The objectives of present study are threefold: (i) collect data sets of high-quality petrophysical properties, (ii) integrate the petrophysical properties and microstructural data sets to assess the reservoir quality and (iii) improve understanding of diagenetic events and their impact on reservoir rocks quality. For this reason, we obtained exposed outcrop analogue samples from Nari Formation Lower Indus Basin, Pakistan. For accurate estimation of rock properties, it is essential to have a set of whole core samples recovered from wells while drilling the reservoir section. Obtaining a fresh core from reservoir section is the best option to be used for reservoir characterization studies [20,28]. However, it is very difficult to access such kinds of samples, because these are often unavailable or their presence is very scarce or most of the companies secure them for their advanced phases of the project. In such circumstances, it would be far better to get outcrop analogues that could be used to acquire preliminary evidence about target reservoir. The present study obtained outcrop analogues for describing the petrographic and petrophysical characterization and further described the diagenetic events that impact the quality of reservoir rocks and to collect the high-quality data on petrophysical properties of these sandstones.
1.1 Geological context of the study area
The Indus Basin is located between the boundary of the Indian, Asian and Arabian plates . The Indus Basin is divided into two parts, Upper Indus Basin and the Lower Indus Basin [30,31]. The general stratigraphy of Lower Indus Basin including various different formations is presented in Table 1. The study area lies in the Karachi trough, part of Lower Indus Basin.

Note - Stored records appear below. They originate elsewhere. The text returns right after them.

(* Let $G$ be a finite group and let $H_1, \ldots, H_{\ell}$ be proper subgroups of $G$. Suppose that $x_1, \ldots, x_m \in G$ represent distinct $G$-conjugacy classes, and that there are numbers $A_1,\dots,A_\ell$ and $B>0$ with $\sum_{i=1}^m|x_i^G \cap H_j| \leqslant A_j$ for all $j$ and $|x_i^G| \geqslant B$ for all $i$. Then for every positive integer $c$, \[ \sum_{i=1}^{m}|x_i^G|\left(\sum_{j=1}^{\ell}{\rm fpr}(x_i,G/H_j)\right)^c \leqslant B^{1-c}\left(\sum_{j=1}^{\ell}A_j\right)^c. \]
   Context: For $x\in G$ and $H<G$, ${\rm fpr}(x,G/H)=|x^G\cap H|/|x^G|$. *)

theory Defs
  imports "HOL-Algebra.Group" Complex_Main
begin

definition conj_class :: "('a, 'b) monoid_scheme \<Rightarrow> 'a \<Rightarrow> 'a set" where
  "conj_class G x = {g \<otimes>\<^bsub>G\<^esub> x \<otimes>\<^bsub>G\<^esub> inv\<^bsub>G\<^esub> g | g. g \<in> carrier G}"

definition fpr :: "('a, 'b) monoid_scheme \<Rightarrow> 'a \<Rightarrow> 'a set \<Rightarrow> real" where
  "fpr G x H = real (card (conj_class G x \<inter> H)) / real (card (conj_class G x))"

end

theory Submission
  imports Defs
begin

text \<open>
  The inequality is pure arithmetic.
  With \<open>n\<^sub>i = |x\<^sub>i\<^sup>G|\<close> and \<open>a\<^sub>i = \<Sum>\<^sub>j |x\<^sub>i\<^sup>G \<inter> H\<^sub>j|\<close>, the \<open>i\<close>-th summand
  is \<open>n\<^sub>i (a\<^sub>i / n\<^sub>i)^c = a\<^sub>i^c / n\<^sub>i^(c-1) \<le> B^(1-c) a\<^sub>i^c\<close>, and superadditivity of
  \<open>t \<mapsto> t^c\<close> on nonnegative numbers gives
  \<open>\<Sum>\<^sub>i a\<^sub>i^c \<le> (\<Sum>\<^sub>i a\<^sub>i)^c = (\<Sum>\<^sub>j \<Sum>\<^sub>i |x\<^sub>i\<^sup>G \<inter> H\<^sub>j|)^c \<le> (\<Sum>\<^sub>j A\<^sub>j)^c\<close>.
\<close>

lemma power_add_le_power_add:
  fixes s t :: "'a :: linordered_semidom"
  assumes "0 \<le> s" "0 \<le> t" "0 < c"
  shows "s ^ c + t ^ c \<le> (s + t) ^ c"
proof -
  obtain d where c: "c = Suc d" using \<open>0 < c\<close> gr0_implies_Suc by blast
  have "s ^ c + t ^ c = s ^ d * s + t ^ d * t" by (simp add: c mult.commute)
  also have "\<dots> \<le> (s + t) ^ d * s + (s + t) ^ d * t"
    using assms by (intro add_mono mult_right_mono power_mono) auto
  also have "\<dots> = (s + t) ^ c" by (simp add: c algebra_simps)
  finally show ?thesis .
qed

lemma sum_power_le_power_sum:
  fixes f :: "'b \<Rightarrow> 'a :: linordered_semidom"
  assumes "\<And>i. i \<in> S \<Longrightarrow> 0 \<le> f i" "0 < c"
  shows "(\<Sum>i\<in>S. f i ^ c) \<le> (\<Sum>i\<in>S. f i) ^ c"
  using assms(1)
proof (induction S rule: infinite_finite_induct)
  case (insert a F)
  have "(\<Sum>i\<in>insert a F. f i ^ c) \<le> f a ^ c + (\<Sum>i\<in>F. f i) ^ c"
    using insert by simp
  also have "\<dots> \<le> (f a + (\<Sum>i\<in>F. f i)) ^ c"
    using insert \<open>0 < c\<close> by (intro power_add_le_power_add sum_nonneg) auto
  finally show ?case using insert by simp
qed (use \<open>0 < c\<close> in simp_all)

lemma mult_power_divide_le:
  fixes a n B :: real
  assumes "0 < B" "B \<le> n" "0 \<le> a" "0 < c"
  shows "n * (a / n) ^ c \<le> B powr (1 - real c) * a ^ c"
proof -
  obtain d where c: "c = Suc d" using \<open>0 < c\<close> gr0_implies_Suc by blast
  have "n * (a / n) ^ c = a ^ c / n ^ d"
    using assms by (simp add: c power_divide field_simps)
  also have "\<dots> \<le> a ^ c / B ^ d"
    using assms by (intro divide_left_mono power_mono mult_pos_pos zero_less_power) auto
  also have "\<dots> = B powr (1 - real c) * a ^ c"
    using \<open>0 < B\<close> by (simp add: c powr_minus_divide powr_realpow)
  finally show ?thesis .
qed

lemma sum_fpr:
  "(\<Sum>j\<in>J. fpr G x (H j)) = (\<Sum>j\<in>J. real (card (conj_class G x \<inter> H j))) / real (card (conj_class G x))"
  by (simp add: fpr_def sum_divide_distrib)

theorem lemma2p7:
  fixes G :: "('a, 'b) monoid_scheme"
    and H :: "nat \<Rightarrow> 'a set" and x :: "nat \<Rightarrow> 'a"
    and A :: "nat \<Rightarrow> real" and B :: real and l m c :: nat
  assumes "group G" and "finite (carrier G)"
    and "\<And>j. j \<in> {1..l} \<Longrightarrow> subgroup (H j) G \<and> H j \<noteq> carrier G"
    and "\<And>i. i \<in> {1..m} \<Longrightarrow> x i \<in> carrier G"
    and "\<And>i k. i \<in> {1..m} \<Longrightarrow> k \<in> {1..m} \<Longrightarrow> i \<noteq> k \<Longrightarrow> conj_class G (x i) \<noteq> conj_class G (x k)"
    and "B > 0"
    and "\<And>j. j \<in> {1..l} \<Longrightarrow> (\<Sum>i=1..m. real (card (conj_class G (x i) \<inter> H j))) \<le> A j"
    and "\<And>i. i \<in> {1..m} \<Longrightarrow> real (card (conj_class G (x i))) \<ge> B"
    and "c > 0"
  shows "(\<Sum>i=1..m. real (card (conj_class G (x i))) * (\<Sum>j=1..l. fpr G (x i) (H j)) ^ c)
         \<le> B powr (1 - real c) * (\<Sum>j=1..l. A j) ^ c"
proof -
  define a where "a i = (\<Sum>j=1..l. real (card (conj_class G (x i) \<inter> H j)))" for i
  have a_nonneg: "0 \<le> a i" for i unfolding a_def by (simp add: sum_nonneg)
  have "(\<Sum>i=1..m. real (card (conj_class G (x i))) * (\<Sum>j=1..l. fpr G (x i) (H j)) ^ c)
      \<le> (\<Sum>i=1..m. B powr (1 - real c) * a i ^ c)"
    unfolding sum_fpr a_def[symmetric]
    using assms(6,8,9) a_nonneg by (intro sum_mono mult_power_divide_le) auto
  also have "\<dots> \<le> B powr (1 - real c) * (\<Sum>i=1..m. a i) ^ c"
    using a_nonneg assms(9) by (simp add: sum_distrib_left[symmetric] mult_left_mono sum_power_le_power_sum)
  also have "\<dots> \<le> B powr (1 - real c) * (\<Sum>j=1..l. A j) ^ c"
  proof -
    have "(\<Sum>i=1..m. a i) = (\<Sum>j=1..l. \<Sum>i=1..m. real (card (conj_class G (x i) \<inter> H j)))"
      unfolding a_def by (rule sum.swap)
    also have "\<dots> \<le> (\<Sum>j=1..l. A j)"
      using assms(7) by (rule sum_mono)
    finally show ?thesis
      by (simp add: mult_left_mono power_mono sum_nonneg a_nonneg)
  qed
  finally show ?thesis .
qed

end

The rocks are ranging from Eocene to subrecent. The lower contact of mostly exposed Nari Formation in Sindh is mostly conformable and gradational with Kirthar Formation while in our study area it is unconformable with Laki Formation and upper contact is unconformable with recent deposits. The formation consists of sandstone, shale, and subordinate limestone. The study area lies in the upper part of Nari Formation where limestone is absent; generally fossiliferous limestone is present around Karachi City [31,32]. It is mainly composed of sandstone with minor amount of shale  (Figure 1).

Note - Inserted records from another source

lemma tanner_adj_simps [simp]:
  "tanner_adj H (Inr j) (Inl i) \<longleftrightarrow> H j i \<noteq> 0"
  "tanner_adj H (Inl i) (Inr j) \<longleftrightarrow> H j i \<noteq> 0"
  "\<not> tanner_adj H a a"
  by (auto simp: tanner_adj_def)

lemma tanner_connected_column_nonzero:
  assumes "graph_connected (tanner_adj H)"
  shows "\<exists>j. H j i \<noteq> 0"
proof -
  have "(tanner_adj H)\<^sup>*\<^sup>* (Inl i) (Inr undefined)"
    using assms by (simp add: graph_connected_def)
  then show ?thesis
    by (cases rule: converse_rtranclpE) (auto simp: tanner_adj_def)
qed

lemma tanner_cycle_of_alternating_walk:
  fixes H :: "'m::finite \<Rightarrow> 'n::finite \<Rightarrow> 'r::zero"
  assumes "\<And>k. H (js k) (vs k) \<noteq> 0" "\<And>k. H (js (Suc k)) (vs k) \<noteq> 0"
    and "\<And>k. js (Suc k) \<noteq> js k" "\<And>k. vs (Suc k) \<noteq> vs k"
  shows "graph_has_cycle (tanner_adj H)"
proof (rule nonbacktracking_walk_has_cycle)
  define x where "x n = (if even n then Inr (js (n div 2)) else Inl (vs (n div 2)))" for n
  show "tanner_adj H (x n) (x (Suc n))" for n
    using assms(1,2) by (cases "even n") (auto simp: x_def elim!: evenE oddE)
  show "x (Suc (Suc n)) \<noteq> x n" for n
    using assms(3,4)[of "n div 2"] by (cases "even n") (auto simp: x_def elim!: evenE oddE)
qed simp

text \<open>Otherwise every check shares a second variable with some other check, so a walk alternating
  between checks and shared variables can always continue without going back.\<close>

lemma acyclic_tanner_leaf_check:
  fixes H :: "'m::finite \<Rightarrow> 'n::finite \<Rightarrow> 'r::zero"
  assumes acyclic: "\<not> graph_has_cycle (tanner_adj H)" and "J \<noteq> {}"
  shows "\<exists>j\<in>J. card (supp_row H j \<inter> (\<Union>k\<in>J - {j}. supp_row H k)) \<le> 1"
proof (rule ccontr)
  let ?S = "supp_row H"
  let ?step = "\<lambda>(j, v) (j', v'). j' \<noteq> j \<and> v' \<in> ?S j \<inter> ?S j' \<and> v' \<noteq> v"
  assume no_leaf: "\<not> ?thesis"
  have extend: "\<exists>p'. fst p' \<in> J \<and> ?step p p'" if "fst p \<in> J" for p
  proof -
    obtain j v where p: "p = (j, v)" by fastforce
    let ?A = "?S j \<inter> (\<Union>k\<in>J - {j}. ?S k)"
    have "\<not> card ?A \<le> 1" using no_leaf that p by auto
    then obtain v' where "v' \<in> ?A" "v' \<noteq> v"
      using card_le_Suc0_iff_eq[of ?A] by auto
    then obtain j' where "j' \<in> J" "j' \<noteq> j" "v' \<in> ?S j \<inter> ?S j'" by blast
    with \<open>v' \<noteq> v\<close> show ?thesis by (intro exI[of _ "(j', v')"]) (simp add: p)
  qed
  have "\<exists>p. \<forall>k. fst (p k) \<in> J \<and> ?step (p k) (p (Suc k))"
  proof (rule dependent_nat_choice[where P = "\<lambda>_ p. fst p \<in> J" and Q = "\<lambda>_. ?step"])
    show "\<exists>p. fst p \<in> J" using \<open>J \<noteq> {}\<close> by auto
  qed (rule extend)
  then obtain p where p: "\<And>k. fst (p k) \<in> J \<and> ?step (p k) (p (Suc k))" by blast
  have "graph_has_cycle (tanner_adj H)"
  proof (rule tanner_cycle_of_alternating_walk[where js = "fst \<circ> p" and vs = "snd \<circ> p \<circ> Suc"])
    fix k
    show "H ((fst \<circ> p) k) ((snd \<circ> p \<circ> Suc) k) \<noteq> 0"
      and "H ((fst \<circ> p) (Suc k)) ((snd \<circ> p \<circ> Suc) k) \<noteq> 0"
      and "(fst \<circ> p) (Suc k) \<noteq> (fst \<circ> p) k"
      using p[of k] by (auto simp: supp_row_def split: prod.splits)
    show "(snd \<circ> p \<circ> Suc) (Suc k) \<noteq> (snd \<circ> p \<circ> Suc) k"
      using p[of "Suc k"] by (auto split: prod.splits)
  qed
  with acyclic show False ..
qed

2 Sampling and methodology
This study addresses the petrographic and petrophysical characterizations of potential oil and gas exploitation target in the region. The overall methodology to analyse the petrographic and petrophysical characteristics of Nari Formation is depicted in Figure 2, and the number of samples analysed and the measurements are given in Table 2, considering the following analysis steps.

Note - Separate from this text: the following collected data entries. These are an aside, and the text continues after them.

lemma (in prob_space) integral_centered_mult:
  fixes U V :: "'a \<Rightarrow> real"
  assumes "has_bochner_integral M U \<mu>" "has_bochner_integral M V \<nu>"
    and "has_bochner_integral M (\<lambda>x. U x * V x) r"
  shows "(\<integral>x. (U x - \<mu>) * (V x - \<nu>) \<partial>M) = r - \<mu> * \<nu>"
proof -
  have const: "has_bochner_integral M (\<lambda>_. \<mu> * \<nu>) (\<mu> * \<nu>)"
    using lebesgue_integral_const[of M "\<mu> * \<nu>"] prob_space by (simp add: has_bochner_integral_iff)
  have "has_bochner_integral M (\<lambda>x. U x * V x - \<nu> * U x - \<mu> * V x + \<mu> * \<nu>)
      (r - \<nu> * \<mu> - \<mu> * \<nu> + \<mu> * \<nu>)"
    using assms(1,2)
    by (intro has_bochner_integral_add[OF has_bochner_integral_diff[OF has_bochner_integral_diff
          [OF assms(3)]] const] has_bochner_integral_mult_right)
  then show ?thesis
    by (simp add: has_bochner_integral_integral_eq algebra_simps)
qed

lemma (in prob_space) correlation_eq:
  fixes U V :: "'a \<Rightarrow> real"
  assumes U: "has_bochner_integral M U \<mu>" and V: "has_bochner_integral M V \<nu>"
    and "has_bochner_integral M (\<lambda>x. U x * V x) r"
    and "has_bochner_integral M (\<lambda>x. U x * U x) s"
    and "has_bochner_integral M (\<lambda>x. V x * V x) t"
  shows "correlation M U V = (r - \<mu> * \<nu>) / sqrt ((s - \<mu>\<^sup>2) * (t - \<nu>\<^sup>2))"
  using assms integral_centered_mult[OF U U] integral_centered_mult[OF V V] integral_centered_mult[OF U V]
  by (simp add: correlation_def has_bochner_integral_integral_eq power2_eq_square)

definition example_params :: "nat set \<Rightarrow> real" where
  "example_params I = (if card I = 1 then 3/10 else 1/5)"

definition example_law :: "(nat \<Rightarrow> enat) measure" where
  "example_law = wide_law 2 example_params"

lemma sets_example_law: "sets example_law = sets (law_space 2)"
  by (simp add: example_law_def sets_wide_law)

lemma space_example_law: "space example_law = space (law_space 2)"
  by (simp add: example_law_def space_wide_law)

lemma prob_space_example_law: "prob_space example_law"
  by (simp add: example_law_def prob_space_wide_law)

definition example_survival :: "nat \<Rightarrow> nat \<Rightarrow> real" where
  "example_survival u v = (1/2) ^ max u v * (2/5) ^ min u v"

lemma example_survival_nonneg: "0 \<le> example_survival u v"
  by (simp add: example_survival_def)

lemma example_survival_commute: "example_survival u v = example_survival v u"
  by (simp add: example_survival_def max.commute min.commute)

lemma example_survival_eq_prod: "example_survival u v = (1/2) ^ u * (1/2) ^ v * (4/5) ^ min u v"
proof -
  have "(1/2::real) ^ max u v * (2/5) ^ min u v = (1/2) ^ max u v * ((1/2) ^ min u v * (4/5) ^ min u v)"
    by (simp add: power_mult_distrib[symmetric])
  also have "\<dots> = (1/2) ^ u * (1/2) ^ v * (4/5) ^ min u v"
    by (cases "u \<le> v") (simp_all add: max_def min_def)
  finally show ?thesis by (simp add: example_survival_def)
qed

lemma Pow_two: "Pow {1..2::nat} = {{}, {1}, {2}, {1,2}}"
proof -
  have "{1..2::nat} = {1,2}" by auto
  then show ?thesis by (auto simp: Pow_insert)
qed

lemma sum_Pow_two: "(\<Sum>I\<in>Pow {1..2::nat}. h I) = h {} + h {1} + h {2} + h {1,2}"
  unfolding Pow_two by (simp add: add.assoc)

lemma wide_params_example_params: "wide_params 2 example_params"
proof -
  have "(\<Sum>I\<in>{I. I \<subseteq> {1..2} \<and> k \<notin> I}. example_params I) < 1" if "k \<in> {1..2::nat}" for k
  proof -
    have "(\<Sum>I\<in>{I. I \<subseteq> {1..2} \<and> k \<notin> I}. example_params I)
        = (\<Sum>I\<in>Pow {1..2::nat}. if k \<notin> I then example_params I else 0)"
      by (simp add: sum.inter_filter[symmetric] Pow_def)
    also have "\<dots> = 1/2"
      unfolding sum_Pow_two using that by (cases "k = 1") (auto simp: example_params_def)
    finally show ?thesis by simp
  qed
  then show ?thesis
    unfolding wide_params_def sum_Pow_two by (auto simp: example_params_def)
qed

lemma prod_if_less_eq_power: "u \<le> N \<Longrightarrow> (\<Prod>i<N. if i < u then c else 1) = c ^ u"
proof -
  assume "u \<le> N"
  then have "{i\<in>{..<N}. i < u} = {..<u}" by auto
  then show ?thesis by (simp add: prod.inter_filter[symmetric])
qed

lemma emeasure_example_law_upper_orthant:
  "emeasure example_law (upper_orthant 2 n) = ennreal (example_survival (n 1 - 1) (n 2 - 1))"
proof -
  let ?u = "n 1 - 1" and ?v = "n 2 - 1" and ?N = "\<Sum>k\<in>{1..2::nat}. n k"
  have N: "?N = n 1 + n 2" by (simp add: numeral_2_eq_2)
  have trial: "(\<Sum>I\<in>{I\<in>Pow {1..2}. \<forall>k\<in>I. n k \<le> Suc i}. example_params I)
      = (if i < ?u then 1/2 else 1) * (if i < ?v then 1/2 else 1) * (if i < min ?u ?v then 4/5 else 1)"
    for i
  proof -
    have "(\<Sum>I\<in>{I\<in>Pow {1..2}. \<forall>k\<in>I. n k \<le> Suc i}. example_params I)
        = (\<Sum>I\<in>Pow {1..2::nat}. if \<forall>k\<in>I. n k \<le> Suc i then example_params I else 0)"
      by (simp add: sum.inter_filter[symmetric])
    then show ?thesis unfolding sum_Pow_two by (auto simp: example_params_def)
  qed
  have "emeasure example_law (upper_orthant 2 n) = ennreal (\<Prod>i<?N.
      (if i < ?u then 1/2 else 1) * (if i < ?v then 1/2 else 1) * (if i < min ?u ?v then 4/5 else 1))"
    unfolding example_law_def emeasure_wide_law_upper_orthant[OF wide_params_example_params] trial ..
  also have "\<dots> = ennreal ((1/2) ^ ?u * (1/2) ^ ?v * (4/5) ^ min ?u ?v)"
    unfolding prod.distrib using N by (subst (1 2 3) prod_if_less_eq_power) auto
  finally show ?thesis by (simp add: example_survival_eq_prod)
qed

Selecting the study area based on the potential reservoir rock
Identifying the surface outcrop as an analogue to characterize the reservoir rock
Collecting and preparing samples for laboratory analysis
Analysing of petrographic thin section and mineral contents
Measuring petrophysical properties
Interpreting data and correlating petrographic and petrophysical data for reservoir quality assessment.
|S. No.||Sample ID||XRD||Petrography||SEM-EDS||Porosity and permeability|
For petrographic thin-section observations, Leica optical microscope was used to study the rock lithology and microstructure of the Nari sandstone samples. The experiments were carried out at the Geological Survey of Pakistan (GSP), Karachi laboratory. In addition, cathodoluminescence can identify minerals and fossils, along with their microscopic features. The Leica optical microscope was used to analyse the essential microscopic features of thin section under polarized microscopes.
2.2 XRD analysis
X-ray powder diffraction (XRD) is a fast analytical method basically adapted to identify the different phases of crystalline materials. Prior to analysis, the material was powdered, finely crushed, and made very homogeneous so the average bulk composition of material is obtained. These experiments were conducted at the University of Sindh Geology Department. QXRD analysis was performed on 1 cm3 size, and the sample covering the overall sandstone mineralogy was also taken.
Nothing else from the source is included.